Out of the entries that follow, copy each line containing "ultimately".

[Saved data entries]
+ + + + +

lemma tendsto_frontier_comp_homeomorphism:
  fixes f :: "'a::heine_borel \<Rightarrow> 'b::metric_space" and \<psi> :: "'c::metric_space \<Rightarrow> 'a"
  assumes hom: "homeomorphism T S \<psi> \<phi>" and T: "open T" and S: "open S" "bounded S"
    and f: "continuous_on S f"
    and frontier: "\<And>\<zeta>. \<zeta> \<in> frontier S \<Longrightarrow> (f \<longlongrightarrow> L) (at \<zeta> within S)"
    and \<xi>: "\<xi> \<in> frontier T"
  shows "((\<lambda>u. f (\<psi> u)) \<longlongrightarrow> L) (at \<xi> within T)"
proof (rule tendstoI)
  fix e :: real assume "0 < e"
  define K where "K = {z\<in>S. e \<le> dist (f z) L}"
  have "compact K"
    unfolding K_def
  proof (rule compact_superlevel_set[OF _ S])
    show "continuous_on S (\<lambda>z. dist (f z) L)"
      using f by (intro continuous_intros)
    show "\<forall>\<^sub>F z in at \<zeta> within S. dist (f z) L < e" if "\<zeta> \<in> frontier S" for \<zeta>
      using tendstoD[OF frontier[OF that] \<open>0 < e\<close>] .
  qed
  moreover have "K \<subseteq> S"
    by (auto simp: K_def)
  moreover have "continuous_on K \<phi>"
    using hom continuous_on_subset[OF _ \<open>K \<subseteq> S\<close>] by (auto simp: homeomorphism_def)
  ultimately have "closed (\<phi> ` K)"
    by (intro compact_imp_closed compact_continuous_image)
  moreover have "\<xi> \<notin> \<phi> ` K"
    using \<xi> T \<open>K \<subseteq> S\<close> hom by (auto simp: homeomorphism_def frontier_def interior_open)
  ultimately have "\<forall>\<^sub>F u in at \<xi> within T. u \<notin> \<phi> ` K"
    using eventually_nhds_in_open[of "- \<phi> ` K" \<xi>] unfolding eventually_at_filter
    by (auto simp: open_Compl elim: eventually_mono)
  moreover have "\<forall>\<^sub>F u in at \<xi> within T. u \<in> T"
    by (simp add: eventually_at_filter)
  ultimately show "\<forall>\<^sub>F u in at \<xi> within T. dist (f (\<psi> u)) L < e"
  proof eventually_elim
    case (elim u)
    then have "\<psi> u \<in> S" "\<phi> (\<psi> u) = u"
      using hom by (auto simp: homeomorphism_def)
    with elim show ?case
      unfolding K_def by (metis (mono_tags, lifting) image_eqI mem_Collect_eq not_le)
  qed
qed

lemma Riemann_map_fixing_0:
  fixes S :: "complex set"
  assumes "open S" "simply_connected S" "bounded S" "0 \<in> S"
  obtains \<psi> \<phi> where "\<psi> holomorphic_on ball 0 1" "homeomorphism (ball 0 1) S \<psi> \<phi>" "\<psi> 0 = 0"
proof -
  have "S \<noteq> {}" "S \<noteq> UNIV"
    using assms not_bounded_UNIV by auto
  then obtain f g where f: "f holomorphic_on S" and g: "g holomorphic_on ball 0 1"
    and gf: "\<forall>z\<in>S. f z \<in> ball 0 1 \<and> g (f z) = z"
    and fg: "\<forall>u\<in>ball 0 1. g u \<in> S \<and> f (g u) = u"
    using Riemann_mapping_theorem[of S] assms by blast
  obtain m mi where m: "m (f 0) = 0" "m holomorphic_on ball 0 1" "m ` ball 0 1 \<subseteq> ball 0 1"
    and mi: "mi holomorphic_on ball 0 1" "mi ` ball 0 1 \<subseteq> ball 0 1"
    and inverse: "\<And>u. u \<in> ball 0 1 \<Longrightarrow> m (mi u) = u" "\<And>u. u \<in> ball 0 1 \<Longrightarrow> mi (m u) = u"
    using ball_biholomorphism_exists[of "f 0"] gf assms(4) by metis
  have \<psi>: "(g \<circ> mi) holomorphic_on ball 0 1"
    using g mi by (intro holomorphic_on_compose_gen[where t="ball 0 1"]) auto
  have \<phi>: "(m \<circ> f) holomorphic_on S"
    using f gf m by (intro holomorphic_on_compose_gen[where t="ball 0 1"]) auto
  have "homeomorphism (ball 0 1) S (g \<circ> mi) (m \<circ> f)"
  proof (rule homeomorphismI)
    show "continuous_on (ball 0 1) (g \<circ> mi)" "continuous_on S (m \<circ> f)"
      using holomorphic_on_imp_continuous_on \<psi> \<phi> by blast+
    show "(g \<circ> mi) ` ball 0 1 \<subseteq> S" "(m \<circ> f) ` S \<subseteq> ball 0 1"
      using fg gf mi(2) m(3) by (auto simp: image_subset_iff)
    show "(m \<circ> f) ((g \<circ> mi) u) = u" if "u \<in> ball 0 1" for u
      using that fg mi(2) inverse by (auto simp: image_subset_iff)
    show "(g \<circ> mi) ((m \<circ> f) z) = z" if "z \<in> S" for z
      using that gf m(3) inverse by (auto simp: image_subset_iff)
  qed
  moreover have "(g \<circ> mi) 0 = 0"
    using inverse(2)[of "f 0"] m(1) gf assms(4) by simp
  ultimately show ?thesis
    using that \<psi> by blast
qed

+ + + + +

> [Task solution]:
  ultimately have "closed (\<phi> ` K)"
  ultimately have "\<forall>\<^sub>F u in at \<xi> within T. u \<notin> \<phi> ` K"
  ultimately show "\<forall>\<^sub>F u in at \<xi> within T. dist (f (\<psi> u)) L < e"
  ultimately show ?thesis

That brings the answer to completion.